- Supplied material
definition Dn_minus :: "('d::finite) obs measure \<Rightarrow> (bool \<Rightarrow> real ^ 'd \<Rightarrow> real) \<Rightarrow> nat \<Rightarrow> real \<Rightarrow> (nat \<Rightarrow> 'd obs) \<Rightarrow> real" where
  "Dn_minus P \<eta> n t \<omega> =
     emp_freq n True {x. \<eta> True x > 1/2 + t / (2 * pA P True)} \<omega>
   - emp_freq n False {x. \<eta> False x \<ge> 1/2 - t / (2 * pA P False)} \<omega>"

definition Dn_plus :: "('d::finite) obs measure \<Rightarrow> (bool \<Rightarrow> real ^ 'd \<Rightarrow> real) \<Rightarrow> nat \<Rightarrow> real \<Rightarrow> (nat \<Rightarrow> 'd obs) \<Rightarrow> real" where
  "Dn_plus P \<eta> n t \<omega> =
     emp_freq n True {x. \<eta> True x \<ge> 1/2 + t / (2 * pA P True)} \<omega>
   - emp_freq n False {x. \<eta> False x > 1/2 - t / (2 * pA P False)} \<omega>"

end

theory Submission
  imports Defs
begin

(* The empirical frequency within group a is a ratio W/N whose denominator N is random. Instead of
   conditioning on N, apply a Chernoff bound to the i.i.d. sum of the scores
   \<sigma> (1[X \<in> S] - q) - \<delta> over the members of the group, q being the conditional probability: the
   event |W/N - q| > \<delta> forces this sum to be nonnegative for \<sigma> = 1 or \<sigma> = -1. With exponent
   4\<delta>, Hoeffding's lemma for the Bernoulli(q) indicator bounds the moment generating function of one
   score by 1 - p + p e^(-2\<delta>\<^sup>2) \<le> e^(-p\<delta>\<^sup>2), where p = P(A = a), so each one-sided tail is at
   most e^(-np\<delta>\<^sup>2). Splitting \<epsilon> = \<delta> + \<delta> over the two groups and the two signs gives four
   such terms. *)

lemma Bernoulli_mgf_le:
  fixes q h :: real
  assumes "0 \<le> q" "0 \<le> h"
  shows "q * exp (h * (1 - q)) + (1 - q) * exp (- h * q) \<le> exp (h\<^sup>2 / 8)"
proof -
  have pos: "0 < 1 + q * (exp h - 1)"
    using assms by (simp add: add_pos_nonneg)
  have "ln (1 + q * (exp h - 1)) \<le> h\<^sup>2 / 8 + h * q"
    using Hoeffdings_lemma_aux[OF assms(2,1)] by simp
  then have "1 + q * (exp h - 1) \<le> exp (h\<^sup>2 / 8 + h * q)"
    using pos by (metis exp_le_cancel_iff exp_ln)
  then have "exp (- h * q) * (1 + q * (exp h - 1)) \<le> exp (- h * q) * exp (h\<^sup>2 / 8 + h * q)"
    by simp
  also have "exp (- h * q) * (1 + q * (exp h - 1)) = q * exp (h * (1 - q)) + (1 - q) * exp (- h * q)"
    by (simp add: algebra_simps exp_add[symmetric] exp_diff)
  finally show ?thesis
    by (simp add: exp_add[symmetric])
qed

lemma convex_mixture_exp_le:
  fixes p x :: real
  assumes "0 \<le> p" "p \<le> 1" "0 \<le> x" "2 * x \<le> 1"
  shows "1 - p + p * exp (- 2 * x) \<le> exp (- (p * x))"
proof -
  have "1 + 2 * x \<le> exp (2 * x)"
    by (rule exp_ge_add_one_self)
  then have "exp (- 2 * x) \<le> 1 / (1 + 2 * x)"
    using assms by (simp add: exp_minus field_simps)
  also have "\<dots> \<le> 1 - x"
  proof -
    have "x * (2 * x) \<le> x * 1"
      using assms by (intro mult_left_mono) auto
    then show ?thesis
      using assms by (simp add: field_simps)
  qed
  finally have "p * exp (- 2 * x) \<le> p * (1 - x)"
    using assms by (intro mult_left_mono) auto
  then have "1 - p + p * exp (- 2 * x) \<le> 1 + (- (p * x))"
    by (simp add: algebra_simps)
  also have "\<dots> \<le> exp (- (p * x))"
    by (rule exp_ge_add_one_self)
  finally show ?thesis .
qed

- Required work
Scan the listing above for the word "over" and copy every line that holds it.

- Expected output
   \<sigma> (1[X \<in> S] - q) - \<delta> over the members of the group, q being the conditional probability: the
   most e^(-np\<delta>\<^sup>2). Splitting \<epsilon> = \<delta> + \<delta> over the two groups and the two signs gives four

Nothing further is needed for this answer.